4. Ciò detto, non possono sorprendere i timori di John Bolton che la pretesa di Trump di esigere una fedeltà assoluta e personale da parte dei "suoi" funzionari pubblici rappresenti una minaccia diretta alla democrazia liberale. Questa dinamica, che piega le istituzioni al servizio di un leader apicale – eletto dal popolo, solo al comando e fedelmente obbedito – indebolisce la separazione dei poteri, distorce le funzioni costituzionali e concentra la fiducia pubblica sulla persona privata del presidente. Questo creerebbe "una frattura irreparabile tra i principi costituzionali e l’azione governativa".

Un punto chiave è rappresentato dal rischio di ordini illegali. Nel Dipartimento della Difesa, ad esempio, i funzionari militari potrebbero trovarsi a decidere se eseguire direttive contrarie alla legge, come un dispiegamento interno delle forze armate (ad esempio in funzione anti-migranti). Bolton si chiede: cosa accadrebbe se tali ordini fossero accettati senza discussioni? E se funzionari di carriera, guidati dal dovere costituzionale, si rifiutassero di obbedire? Questo potrebbe generare caos lungo tutta la catena di comando, con effetti duraturi sulla capacità operativa delle istituzioni.

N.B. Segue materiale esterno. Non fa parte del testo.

lemma diameter_attained:
  assumes G: "connected_simple_graph V E"
  shows "\<exists>x\<in>V. \<exists>w\<in>V. gdist E x w = diameter V E"
proof -
  let ?M = "{gdist E x y | x y. x \<in> V \<and> y \<in> V}"
  have "?M = (\<lambda>(x, y). gdist E x y) ` (V \<times> V)" by auto
  then have "finite ?M" "?M \<noteq> {}"
    using G unfolding connected_simple_graph_def by auto
  then have "Max ?M \<in> ?M" by (rule Max_in)
  then obtain x w where "x \<in> V" "w \<in> V" "Max ?M = gdist E x w" by blast
  then show ?thesis unfolding diameter_def by metis
qed

lemma diameter_level:
  assumes G: "connected_simple_graph V E" and "j \<le> diameter V E"
  shows "\<exists>x\<in>V. \<exists>y\<in>V. gdist E x y = j"
proof -
  obtain x w where "x \<in> V" "w \<in> V" and xw: "gdist E x w = diameter V E"
    using diameter_attained[OF G] by blast
  then have "walk E x w (j + (diameter V E - j))"
    using connected_simple_graph_walk_gdist[OF G] assms(2) by (metis le_add_diff_inverse)
  then obtain y where "walk E x y j" "walk E y w (diameter V E - j)"
    by (blast dest: walk_split)
  moreover from this have "y \<in> V"
    using connected_simple_graph_walk_closed[OF G] \<open>x \<in> V\<close> by blast
  ultimately show ?thesis
    using gdist_geodesic_split xw assms(2) \<open>x \<in> V\<close> by fastforce
qed

lemma diameter_edge_between_levels:
  assumes G: "connected_simple_graph V E" and "j < diameter V E"
  shows "\<exists>x\<in>V. \<exists>u\<in>V. \<exists>v\<in>V. E u v \<and> gdist E x u = j \<and> gdist E x v = Suc j"
proof -
  obtain x v where "x \<in> V" "v \<in> V" and xv: "gdist E x v = j + 1"
    using diameter_level[OF G, of "Suc j"] assms(2) by auto
  then have "walk E x v (j + 1)"
    using connected_simple_graph_walk_gdist[OF G] by metis
  then obtain u where "walk E x u j" "walk E u v 1"
    by (blast dest: walk_split)
  moreover from this have "E u v" "u \<in> V"
    using walk_oneD connected_simple_graph_walk_closed[OF G] \<open>x \<in> V\<close> by auto
  ultimately show ?thesis
    using gdist_geodesic_split[OF _ _ xv] xv \<open>x \<in> V\<close> \<open>v \<in> V\<close> by auto
qed

lemma distance_regular_graph:
  "distance_regular V E D a b c \<Longrightarrow> connected_simple_graph V E"
  unfolding distance_regular_def by blast

lemma distance_regular_diameter:
  "distance_regular V E D a b c \<Longrightarrow> D = diameter V E"
  unfolding distance_regular_def by blast
(* For every nonzero function $f:\mathbb{F}_2^n\to\mathbb{C}$ and every Lagrangian subspace $L\le\mathbb{F}_2^{2n}$, $$P_f(L)\le\max_{\phi:\ \mathcal{L}(\phi)=L}\Big(\frac{|\langle f,\phi\rangle|}{\|f\|_2}\Big)^2,$$ the maximum being over stabilizer states $\phi$ with $\mathcal{L}(\phi)=L$.
   Context: $\langle f,g\rangle=\mathbb{E}_xf(x)\overline{g(x)}$, $\|f\|_2=\langle f,f\rangle^{1/2}$, $\Delta_af(x)=f(x+a)\overline{f(x)}$, $\hat g(b)=\mathbb{E}_xg(x)(-1)^{b\cdot x}$, $\|f\|_{U^3}=(\mathbb{E}_{x,a,b,c}\Delta_a\Delta_b\Delta_cf(x))^{1/8}$. A Lagrangian subspace of $\mathbb{F}_2^{2n}$ is a maximal isotropic subspace for $[(a,b),(c,d)]=a\cdot d+b\cdot c$. A stabilizer state is $\phi$ with $\|\phi\|_2=\|\phi\|_{U^3}=1$; $\mathcal{L}(\phi)$ is the unique Lagrangian with $|\widehat{\Delta_a\phi}(b)|=\mathbf{1}_{\mathcal{L}(\phi)}(a,b)$. $P_f(a,b)=|\widehat{\Delta_af}(b)|^2/(2^n\|f\|_2^4)$ and $P_f(L)=\sum_{(a,b)\in L}P_f(a,b)$. *)

theory Defs
  imports "HOL-Analysis.Analysis"
begin

text \<open>Vectors of F_2^n are modelled as functions 'n => bool on a finite index
type 'n with CARD('n) = n; True = 1, False = 0.\<close>

type_synonym 'n f2vec = "'n \<Rightarrow> bool"

definition vadd :: "'n f2vec \<Rightarrow> 'n f2vec \<Rightarrow> 'n f2vec" where
  "vadd x y = (\<lambda>i. x i \<noteq> y i)"
lemma INF_norm1_le_beta_ia:
  fixes Uhat :: "(real ^ 'n::finite) set"
  assumes U: "U \<noteq> {}" and Uhat: "compact Uhat" and y: "y \<in> Uhat"
  shows "(INF x\<in>U. norm1 (y - x)) \<le> beta_ia Uhat U"
  unfolding beta_ia_def
proof (rule cSUP_upper[OF y])
  obtain x0 where x0: "x0 \<in> U" using U by blast
  obtain B where B: "\<forall>x\<in>Uhat. norm x \<le> B"
    using compact_imp_bounded[OF Uhat] bounded_iff by blast
  show "bdd_above ((\<lambda>y. INF x\<in>U. norm1 (y - x)) ` Uhat)"
  proof (rule bdd_aboveI2)
    fix y assume y: "y \<in> Uhat"
    have "(INF x\<in>U. norm1 (y - x)) \<le> norm1 (y - x0)"
      by (rule cINF_lower) (auto intro: x0 bdd_belowI2[where m=0] norm1_nonneg)
    also have "\<dots> \<le> norm1 y + norm1 (- x0)"
      using norm1_triangle[of y "- x0"] by simp
    also have "norm1 y \<le> real CARD('n) * B"
      using norm1_le_card_norm[of y] B y by (meson mult_left_mono of_nat_0_le_iff order_trans)
    finally show "(INF x\<in>U. norm1 (y - x)) \<le> real CARD('n) * B + norm1 (- x0)"
      by simp
  qed
qed

lemma beta_ia_nonneg:
  assumes "U \<noteq> {}" and "compact Uhat" and "Uhat \<noteq> {}"
  shows "0 \<le> beta_ia Uhat U"
proof -
  obtain y where y: "y \<in> Uhat" using assms(3) by blast
  have "0 \<le> (INF x\<in>U. norm1 (y - x))"
    using assms(1) by (intro cINF_greatest norm1_nonneg) auto
  also have "\<dots> \<le> beta_ia Uhat U"
    by (rule INF_norm1_le_beta_ia[OF assms(1,2) y])
  finally show ?thesis .
qed

lemma norm1_translate_le_beta_ia:
  fixes p :: "real ^ 'n::finite"
  assumes U: "U \<noteq> {}" and Uhat: "compact Uhat" and y: "y \<in> Uhat"
    and P: "(\<lambda>x. p + x) ` U \<subseteq> prob_simplex"
  shows "norm1 (p + y) \<le> 1 + beta_ia Uhat U"
proof -
  have "norm1 (p + y) - 1 \<le> (INF x\<in>U. norm1 (y - x))"
  proof (rule cINF_greatest[OF U])
    fix x assume x: "x \<in> U"
    have "norm1 (p + x) = 1"
      using P x by (intro norm1_prob_simplex) auto
    moreover have "norm1 (p + y) \<le> norm1 (p + x) + norm1 (y - x)"
      using norm1_triangle[of "p + x" "y - x"] by simp
    ultimately show "norm1 (p + y) - 1 \<le> norm1 (y - x)" by simp
  qed
  also have "\<dots> \<le> beta_ia Uhat U"
    by (rule INF_norm1_le_beta_ia[OF U Uhat y])
  finally show ?thesis by simp
qed

lemma support_fun_translate_le:
  fixes p :: "real ^ 'n::finite"
  assumes U: "U \<noteq> {}" and Uhat: "compact Uhat" and sub: "U \<subseteq> Uhat"
  shows "support_fun ((\<lambda>x. p + x) ` U) v \<le> support_fun Uhat v + p \<bullet> v"
proof (rule support_fun_least)
  show "(\<lambda>x. p + x) ` U \<noteq> {}" using U by simp
  fix s assume "s \<in> (\<lambda>x. p + x) ` U"
  then obtain x where x: "x \<in> U" "s = p + x" by blast
  have "x \<bullet> v \<le> support_fun Uhat v"
    using sub x by (intro support_fun_upper[OF Uhat]) auto
  then show "s \<bullet> v \<le> support_fun Uhat v + p \<bullet> v"
    using x by (simp add: inner_add_left)
qed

Problemi simili sorgerebbero nel Dipartimento di Giustizia. Bolton ipotizza che funzionari come Pam Bondi, scelta da Trump come procuratore generale, potrebbero trasmettere l’ordine di perseguire avversari politici su basi infondate. I subordinati, come il vice procuratore generale o altri funzionari di carriera, dovrebbero scegliere tra obbedienza al capo e rispetto della legge, rischiando sanzioni disciplinari o, peggio, ritorsioni politiche. Questo dilemma, avverte Bolton, potrebbe provocare crisi profonde, minando il Dipartimento di Giustizia e agenzie come l’FBI, accentuando la vulnerabilità degli oppositori politici e consolidando un sistema di governo arbitrario.

5. In conclusione, non si può non concordare con il conservatore Bolton quando avverte che il pericolo maggiore è la normalizzazione di queste dinamiche. Se un leader eletto, forte del consenso popolare, piega le istituzioni alla fedeltà personale, non solo distorce il sistema democratico, ma apre la strada a futuri abusi. Nè si può ignorare il suo monito, che supera di gran lunga i confini statunitensi:

"Il rischio più grande è che l’erosione della democrazia non sia improvvisa, ma graduale e, di conseguenza, invisibile fino a quando non è troppo tardi per invertire la rotta".